Richard Arthur Wollheim (5 May 1923 − 4 November 2003) was a British philosopher noted for original work on mind and emotions, especially as related to the visual arts, specifically, painting.  Wollheim served as the president of the British Society of Aesthetics from 1992 onwards until his death in 2003.

Biography
Richard Wollheim was the son of Eric Wollheim, a theatre impresario, and Constance (Connie) Mary Baker, an actress who used the stage name Constance Luttrell. He attended Westminster School, London, and Balliol College, Oxford (1941–2, 1945–8), interrupted by active military service in World War II. In 1949 he obtained a congratulatory first in Philosophy, Politics and Economics, and began teaching at University College London, where he became Grote Professor of Mind and Logic and Department Head from 1963 to 1982. He retired from that position to take up professorships, first, at Columbia University (1982–85) and then the University of California at Berkeley (1985–2002). He chaired the Department at UC Berkeley, 1998–2002. On retirement from Berkeley, he served briefly as a guest lecturer at Balliol College. Additionally, he held visiting positions at Harvard University, the University of Minnesota, Graduate Center, CUNY, the University of California at Davis, and elsewhere. Wollheim gave several distinguished lecture series, most notably the Andrew M. Mellon lectures in Fine Arts, National Gallery of Art, Washington, D.C. (1984), published as Painting as an Art.

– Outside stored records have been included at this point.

(* Let $C(x,y,1;1)=\sum_{\nu\in\mathcal{CP}}x^{v(\nu)}y^{h(\nu)}$, let $z_\pm=\frac{1}{1\pm\sqrt{x}}$, and let $$C^{bu}(x,y,1;z)=\frac{xy(1-yz)}{(1-yz)^2-x},\qquad C^{u}(x,y,1;z)=\frac{xy(z_0-z)+\frac{x^2y^2z(1-z)}{(1-yz)^2-x}-\frac{x^2y^2z_0(1-z_0)}{(1-yz_0)^2-x}}{(1-z)(1-yz)+xz},$$ with $z_0=\frac{1+y-x-\sqrt{(1+y-x)^2-4y}}{2y}$. Then \begin{align*} C(x,y,1;1)&=\frac{2xy}{x-(1-y)^2}C^u(x,y,1;1)-\frac{\sqrt{x}y}{(1+\sqrt{x})(1+\sqrt{x}-y)}C^u(x,y,1;z_+)+\frac{\sqrt{x}y}{(1-\sqrt{x})(1-\sqrt{x}-y)}C^u(x,y,1;z_-)\\ &\quad+\frac{xy^2}{2(1+\sqrt{x})(1+\sqrt{x}-y)^2}C^{bu}(x,y,1;z_+)+\frac{xy^2}{2(1-\sqrt{x})(1-\sqrt{x}-y)^2}C^{bu}(x,y,1;z_-)-\frac{x(1-y)y}{x-(1-y)^2}. \end{align*}
   Context: A cell is a unit square in the plane whose center is an integer point and whose sides are parallel to the axes. A polyomino is a finite set of cells which is connected under edge-adjacency; polyominoes are considered up to translation. A polyomino is convex if each of its columns and each of its rows is a single contiguous block of cells; $\mathcal{CP}$ is the set of nonempty convex polyominoes up to translation. $v(\nu)$ is the number of columns and $h(\nu)$ the number of rows of $\nu$. (The functions $C^{bu}(x,y,1;z)$ and $C^u(x,y,1;z)$ are the generating functions $\sum x^{v(\nu)}y^{h(\nu)}z^{c(\nu)}$ over the classes of convex polyominoes whose column tops are weakly decreasing and column bottoms weakly increasing from left to right, respectively only whose column tops are weakly decreasing, with $c(\nu)$ the number of cells of the leftmost column minus one; the displayed closed forms are used for the substitutions.) *)

theory Defs
  imports "HOL-Analysis.Analysis"
begin

type_synonym cell = "int \<times> int"

definition edge_adj :: "cell \<Rightarrow> cell \<Rightarrow> bool" where
  "edge_adj p q \<longleftrightarrow> \<bar>fst p - fst q\<bar> + \<bar>snd p - snd q\<bar> = 1"

definition polyomino :: "cell set \<Rightarrow> bool" where
  "polyomino P \<longleftrightarrow> finite P \<and> P \<noteq> {} \<and>
     (\<forall>p\<in>P. \<forall>q\<in>P. (\<lambda>a b. a \<in> P \<and> b \<in> P \<and> edge_adj a b)\<^sup>*\<^sup>* p q)"

definition convex_polyomino :: "cell set \<Rightarrow> bool" where
  "convex_polyomino P \<longleftrightarrow> polyomino P \<and>
     (\<forall>i j1 j2 j. (i, j1) \<in> P \<longrightarrow> (i, j2) \<in> P \<longrightarrow> j1 \<le> j \<longrightarrow> j \<le> j2 \<longrightarrow> (i, j) \<in> P) \<and>
     (\<forall>j i1 i2 i. (i1, j) \<in> P \<longrightarrow> (i2, j) \<in> P \<longrightarrow> i1 \<le> i \<longrightarrow> i \<le> i2 \<longrightarrow> (i, j) \<in> P)"

text \<open>Canonical representative of a translation class: leftmost column has x = 0,
  bottom row has y = 0.\<close>
definition normalized :: "cell set \<Rightarrow> bool" where
  "normalized P \<longleftrightarrow> (\<forall>p\<in>P. fst p \<ge> 0 \<and> snd p \<ge> 0) \<and>
     (\<exists>p\<in>P. fst p = 0) \<and> (\<exists>p\<in>P. snd p = 0)"

definition CP :: "cell set set" where
  "CP = {P. convex_polyomino P \<and> normalized P}"

definition ncols :: "cell set \<Rightarrow> nat" where "ncols P = card (fst ` P)"
definition nrows :: "cell set \<Rightarrow> nat" where "nrows P = card (snd ` P)"

definition Cbu :: "real \<Rightarrow> real \<Rightarrow> real \<Rightarrow> real" where
  "Cbu x y z = x * y * (1 - y * z) / ((1 - y * z)^2 - x)"

definition z0 :: "real \<Rightarrow> real \<Rightarrow> real" where
  "z0 x y = (1 + y - x - sqrt ((1 + y - x)^2 - 4 * y)) / (2 * y)"

definition Cu :: "real \<Rightarrow> real \<Rightarrow> real \<Rightarrow> real" where
  "Cu x y z = (x * y * (z0 x y - z)
      + x^2 * y^2 * z * (1 - z) / ((1 - y * z)^2 - x)
      - x^2 * y^2 * z0 x y * (1 - z0 x y) / ((1 - y * z0 x y)^2 - x))
    / ((1 - z) * (1 - y * z) + x * z)"

end

theory Submission
  imports Defs
begin

(* A convex polyomino is read column by column, from left to right. Removing its leftmost
   column leaves a convex polyomino, and which new left columns are allowed depends only on
   the first column of the rest and on whether its tops decrease and its bottoms increase
   (the classes C^u and C^bu and the mirror image of C^u). Marking the size of the leftmost
   column by z turns this into linear functional equations for the four generating functions.
   The one for C^bu is solved directly, the one for C^u by the kernel method at the root z0
   of (1 - z)(1 - y z) + x z. In the one for C the kernel (1 - z)^2 - x z^2 vanishes at
   z = 1 / (1 + sqrt x) and z = 1 / (1 - sqrt x); this gives two linear equations for C(1) and
   for the series weighted by the size of the first column, and eliminating the latter yields
   the formula. Everything converges because all series are dominated by the one at z = 4,
   whose part with m + 1 columns is bounded by a multiple of (3 x)^m. *)

section \<open>Convex polyominoes as lists of columns\<close>

text \<open>A column is the interval of rows \<open>fst c .. snd c\<close> it occupies; a polyomino with \<open>n\<close>
  columns is read as the list of its columns from left to right.\<close>

type_synonym column = "int \<times> int"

In 1962, he published an article "A paradox in the theory of democracy", in which Wollheim argued that a supporter of democracy faces a contradiction when he votes. On the one hand he wants a particular party or candidate to win, but on the other hand he wants whoever wins the most votes to win. This has become known as Wollheim's paradox.

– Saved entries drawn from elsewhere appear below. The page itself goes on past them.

lemma index_coding_problem_restrict:
  assumes "index_coding_problem W R D S" "W' \<subseteq> W"
  shows "index_coding_problem W' (restr_receivers W' R D) (restr_sets W' D) (restr_sets W' S)"
  using assms finite_subset
  unfolding index_coding_problem_def restr_receivers_def restr_sets_def by fastforce

lemma (in ring) codeword_eq_finsum_on_support:
  assumes "finite W" "A \<subseteq> W" "\<forall>i\<in>W. V i l \<in> carrier R" "w \<in> W \<rightarrow> carrier R"
    and "\<forall>i\<in>W - A. w i = \<zero>"
  shows "codeword R W V w l = (\<Oplus>i\<in>A. V i l \<otimes> w i)"
  unfolding codeword_def
  by (rule add.finprod_mono_neutral_cong_right) (use assms in auto)

lemma (in ring) valid_code_kernel_demand_zero:
  assumes "valid_scalar_linear_code R W Rcv D S L V" "j \<in> Rcv" "k \<in> D j"
    and "w \<in> W \<rightarrow> carrier R" "\<forall>i\<in>S j. w i = \<zero>" "\<forall>l<L. codeword R W V w l = \<zero>"
  shows "w k = \<zero>"
proof -
  have V: "\<forall>i\<in>W. \<forall>l<L. V i l \<in> carrier R"
    using assms(1) unfolding valid_scalar_linear_code_def by blast
  have "codeword R W V (\<lambda>_. \<zero>) l = (\<Oplus>i\<in>W. \<zero>)" if "l < L" for l
    unfolding codeword_def by (rule finsum_cong') (use V that in auto)
  with assms(6) have same_codeword: "\<forall>l<L. codeword R W V w l = codeword R W V (\<lambda>_. \<zero>) l"
    by simp
  from assms(1-3) have decode: "\<And>w w'. w \<in> W \<rightarrow> carrier R \<Longrightarrow> w' \<in> W \<rightarrow> carrier R \<Longrightarrow>
      \<forall>i\<in>S j. w i = w' i \<Longrightarrow> \<forall>l<L. codeword R W V w l = codeword R W V w' l \<Longrightarrow> w k = w' k"
    unfolding valid_scalar_linear_code_def by blast
  have "w k = (\<lambda>_. \<zero>) k"
    by (rule decode[OF assms(4) _ _ same_codeword]) (use assms(5) in auto)
  then show ?thesis
    by simp
qed

definition det2 :: "('e, 'x) ring_scheme \<Rightarrow> ('m \<Rightarrow> nat \<Rightarrow> 'e) \<Rightarrow> 'm \<Rightarrow> 'm \<Rightarrow> 'e" where
  "det2 R V a b = V a 0 \<otimes>\<^bsub>R\<^esub> V b 1 \<ominus>\<^bsub>R\<^esub> V a 1 \<otimes>\<^bsub>R\<^esub> V b 0"

context field
begin

lemma det2_self:
  assumes "V a 0 \<in> carrier R" "V a 1 \<in> carrier R"
  shows "det2 R V a a = \<zero>"
  using assms unfolding det2_def by algebra

lemma det2_trans:
  assumes "V a 0 \<in> carrier R" "V a 1 \<in> carrier R" "V b 0 \<in> carrier R" "V b 1 \<in> carrier R"
    "V c 0 \<in> carrier R" "V c 1 \<in> carrier R"
    and b: "V b 0 \<noteq> \<zero> \<or> V b 1 \<noteq> \<zero>"
    and ab: "det2 R V a b = \<zero>" and bc: "det2 R V b c = \<zero>"
  shows "det2 R V a c = \<zero>"
proof -
  have "V b l \<otimes> det2 R V a c = V a l \<otimes> det2 R V b c \<oplus> V c l \<otimes> det2 R V a b" if "l \<in> {0, 1}" for l
    using assms(1-6) that unfolding det2_def by (auto, algebra, algebra)
  then have "V b 0 \<otimes> det2 R V a c = \<zero>" "V b 1 \<otimes> det2 R V a c = \<zero>"
    using assms(1-6) by (simp_all add: ab bc)
  moreover have "det2 R V a c \<in> carrier R"
    using assms(1-6) unfolding det2_def by simp
  ultimately show ?thesis
    using b assms(3,4) integral_iff by blast
qed

lemma obtain_dependence_if_det2_eq_zero:
  assumes "V a 0 \<in> carrier R" "V a 1 \<in> carrier R" "V b 0 \<in> carrier R" "V b 1 \<in> carrier R"
    and a: "V a 0 \<noteq> \<zero> \<or> V a 1 \<noteq> \<zero>" and ab: "det2 R V a b = \<zero>"
  obtains p q where "p \<in> carrier R" "q \<in> carrier R" "p \<noteq> \<zero>"
    "V b 0 \<otimes> p \<oplus> V a 0 \<otimes> q = \<zero>" "V b 1 \<otimes> p \<oplus> V a 1 \<otimes> q = \<zero>"
proof (cases "V a 0 = \<zero>")
  case False
  have "V b 0 \<otimes> V a 0 \<oplus> V a 0 \<otimes> \<ominus> V b 0 = \<zero>"
    "V b 1 \<otimes> V a 0 \<oplus> V a 1 \<otimes> \<ominus> V b 0 = det2 R V a b"
    using assms(1-4) unfolding det2_def by algebra+
  with False assms(1-4) ab show ?thesis
    by (intro that[of "V a 0" "\<ominus> V b 0"]) auto
next
  case True
  with a have "V a 1 \<noteq> \<zero>" by simp
  moreover have "V b 0 \<otimes> V a 1 \<oplus> V a 0 \<otimes> \<ominus> V b 1 = \<ominus> det2 R V a b"
    "V b 1 \<otimes> V a 1 \<oplus> V a 1 \<otimes> \<ominus> V b 1 = \<zero>"
    using assms(1-4) unfolding det2_def by algebra+
  ultimately show ?thesis
    using assms(1-4) ab by (intro that[of "V a 1" "\<ominus> V b 1"]) auto
qed

context
  fixes W :: "'m set" and Rcv :: "nat set" and D S :: "nat \<Rightarrow> 'm set" and V :: "'m \<Rightarrow> nat \<Rightarrow> 'a"
  assumes valid: "valid_scalar_linear_code R W Rcv D S 2 V" and finite: "finite W"
begin

lemma code_vector_closed:
  assumes "i \<in> W"
  shows "V i 0 \<in> carrier R" "V i 1 \<in> carrier R"
  using valid assms unfolding valid_scalar_linear_code_def by auto

lemma code_vector_nonzero:
  assumes icp: "index_coding_problem W Rcv D S" and "k \<in> W"
  shows "V k 0 \<noteq> \<zero> \<or> V k 1 \<noteq> \<zero>"
proof (rule ccontr)
  assume "\<not> ?thesis"
  from icp \<open>k \<in> W\<close> obtain j where j: "j \<in> Rcv" "k \<in> D j" "k \<notin> S j"
    unfolding index_coding_problem_def by blast
  define w where "w = (\<lambda>i. if i = k then \<one> else \<zero>)"
  have w: "w \<in> W \<rightarrow> carrier R"
    unfolding w_def by auto
  have "codeword R W V w l = V k l \<otimes> w k" if "l < 2" for l
    using codeword_eq_finsum_on_support[OF finite _ _ w, of "{k}" V l] valid that \<open>k \<in> W\<close>
    by (auto simp: w_def valid_scalar_linear_code_def)
  with \<open>\<not> ?thesis\<close> have "\<forall>l<2. codeword R W V w l = \<zero>"
    by (auto simp: w_def less_2_cases_iff)
  moreover have "\<forall>i\<in>S j. w i = \<zero>"
    using j by (auto simp: w_def)
  ultimately have "w k = \<zero>"
    using valid_code_kernel_demand_zero[OF valid j(1,2) w] by blast
  then show False
    by (simp add: w_def)
qed

lemma det2_eq_zero_if_interfering:
  assumes j: "j \<in> Rcv" "k \<in> D j" "k \<in> W - S j"
    and ab: "a \<in> W - S j - {k}" "b \<in> W - S j - {k}" "a \<noteq> b"
  shows "det2 R V a b = \<zero>"
proof -
  have V: "V i l \<in> carrier R" if "i \<in> {k, a, b}" "l \<in> {0, 1}" for i l
    using code_vector_closed j ab that by auto
  \<comment> \<open>Cramer's rule: the cofactors of three vectors in a plane give a linear relation between them.\<close>
  define w where "w = (\<lambda>i. if i = k then det2 R V a b else if i = a then det2 R V b k
      else if i = b then det2 R V k a else \<zero>)"
  have w: "w \<in> W \<rightarrow> carrier R"
    using V unfolding w_def det2_def by auto
  have cofactor_relation:
    "V k l \<otimes> det2 R V a b \<oplus> (V a l \<otimes> det2 R V b k \<oplus> V b l \<otimes> det2 R V k a) = \<zero>"
    if "l \<in> {0, 1}" for l
    using V that unfolding det2_def by (auto, algebra, algebra)
  have "codeword R W V w l = V k l \<otimes> det2 R V a b \<oplus> (V a l \<otimes> det2 R V b k \<oplus> V b l \<otimes> det2 R V k a)"
    if "l \<in> {0, 1}" for l
    using codeword_eq_finsum_on_support[OF finite _ _ w, of "{k, a, b}" V l] V j ab that code_vector_closed
    by (auto simp: w_def finsum_insert det2_def)
  with cofactor_relation have "\<forall>l<2. codeword R W V w l = \<zero>"
    by (auto simp: less_2_cases_iff)
  moreover have "\<forall>i\<in>S j. w i = \<zero>"
    using j ab by (auto simp: w_def)
  ultimately have "w k = \<zero>"
    using valid_code_kernel_demand_zero[OF valid j(1,2) w] by blast
  then show ?thesis
    by (simp add: w_def)
qed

His Art and its Objects was one of the twentieth century's most influential texts on philosophical aesthetics in English. In a 1965 essay, 'Minimal Art', he seems to have coined the phrase, although its meaning eventually drifted from his. As well as for his work on the philosophy of art, Wollheim was known for his philosophical treatments of depth psychology, especially Sigmund Freud's. His posthumously-published autobiography of youth, Germs: A Memoir of Childhood, with complementary essays, discloses a good deal about his family background and his life up to early manhood, providing valuable material for understanding his interests and sensibility.

Personal life
Wollheim married Anne Barbara Denise (1920-2004), daughter of Lieutenant-Colonel George Powell, of the Grenadier Guards, after her divorce from her first husband, the literary critic Philip Toynbee. They had twin sons, Bruno and Rupert.  Their marriage was dissolved in 1967. Wollheim married Mary Day Lanier in 1969; their daughter is Emilia.

Publications
For an extensive bibliography of Richard Wollheim's publications by a professional bibliographer, see Eddie Yeghiayan's UC-Irvine site. See also the 'Philweb' listing.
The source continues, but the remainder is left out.